Flavopiridol inhibits the growth of SUDHL4 lymphoma cells with an
IC50 of approximately 120 nmol/L at 48 or 72 hours
(Fig 1A). For comparison, the PC3 prostate carcinoma
epithelial cell line displays comparable inhibition of growth, with
IC50 of 203 nmol/L over 48 hours (Fig 1B). A striking
finding, however, is the effect of the drug on the morphology of the
different cell types. Untreated SUDHL4 cells display homogeneous
chromatin with prominent nucleoli, similar to that expected for
lymphoid blasts (Fig 2A). After a 12-hour exposure to
flavopiridol at 1,000 nmol/L, there are typical "apoptotic"
changes, including prominent chromatin condensation, loss of normal
nuclear architecture (Fig 2B), and accumulation of nuclear debris. In
contrast, exposure of PC3 prostate carcinoma cells to flavopiridol at
the same concentrations and durations only causes loss of nucleoli
(compare Fig 2C with 2D), with no evidence of nuclear debris or
apoptotic body formation. No morphologic changes compatible with
apoptosis were observed with several other epithelial lines examined,
such as MDA 468 breast carcinoma cells and DU-145 prostate cells,
despite similar IC50s for growth inhibition over 48 hours
in these cell lines (data not shown).
To expand the variety of cell types examined, we directly contrasted
the behavior of SUDHL4 with a variety of other cell types. Figure 3A shows that after 48 hours, PC3, HL60, SUDHL4,
K562, and MOLT4 cells have comparable IC50s of 80 to 300 nmol/L. However, SUDHL4 cultures have 95% dead cells by Trypan
Blue exclusion at 500 nmol/L (Fig 3B), where growth is inhibited by
90%. Similar behavior to this is shown by HL60 and MOLT4 cells, with
90% and 60% Trypan Blue positive, respectively (Fig 3C and D). In
contrast, PC3 cells, while growth inhibited by 80% at 500 nmol/L, show
little Trypan Blue staining (Fig 3F). Interestingly, K562 chronic
myelogenous leukemia cells are more similar to PC3 cells in that they
are efficiently inhibited by flavopiridol, but show little tendency toward cell death. Qualitatively, similar conclusions were apparent after 24 hours, where at 500 nmol/L, SUDHL4, HL60, and MOLT4 showed 80%, 90%, and 40% dead cells, respectively (data not shown).
DNA fragmentation after flavopiridol treatment.

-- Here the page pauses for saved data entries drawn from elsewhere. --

lemma id_minus_ketbra_mult_vec:
  assumes "dim_vec v = dim_vec w"
  shows "id_minus_ketbra t w *\<^sub>v v = v - (complex_of_real t * cinner w v) \<cdot>\<^sub>v w"
proof (rule eq_vecI)
  let ?c = "complex_of_real t" and ?n = "dim_vec w"
  fix i assume "i < dim_vec (v - (?c * cinner w v) \<cdot>\<^sub>v w)"
  hence i: "i < ?n" by simp
  have "(id_minus_ketbra t w *\<^sub>v v) $ i
      = (\<Sum>j<?n. ((if i = j then 1 else 0) - ?c * (w$i * cnj (w$j))) * v$j)"
    using i assms by (simp add: id_minus_ketbra_def scalar_prod_def atLeast0LessThan)
  also have "\<dots> = (\<Sum>j<?n. (if j = i then v$i else 0) - ?c * w$i * (cnj (w$j) * v$j))"
    by (rule sum.cong) (auto simp: algebra_simps)
  also have "\<dots> = (\<Sum>j<?n. (if j = i then v$i else 0)) - ?c * w$i * (\<Sum>j<?n. cnj (w$j) * v$j)"
    by (simp add: sum_subtractf sum_distrib_left)
  also have "\<dots> = (v - (?c * cinner w v) \<cdot>\<^sub>v w) $ i"
    using i assms by (simp add: cinner_def)
  finally show "(id_minus_ketbra t w *\<^sub>v v) $ i = (v - (?c * cinner w v) \<cdot>\<^sub>v w) $ i" .
qed (use assms in \<open>simp add: id_minus_ketbra_def\<close>)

The appearance of morphologic changes consistent with induction of
apoptosis in SUDHL4 cells suggested that DNA fragmentation might be
readily evident in these cells.
Figure 4A shows that exposure
to as little as 100 nmol/L flavopiridol (approximately the
IC50; compare with Fig 1) for 14 hours, induced DNA
fragmentation with a typical "DNA ladder" in lymphoid neoplastic
cells derived from T- (MOLT4 and Jurkat) or B-cell lineage (SUDHL4 and
6). A similar effect was observed in another B-cell line, Wilson (data not shown).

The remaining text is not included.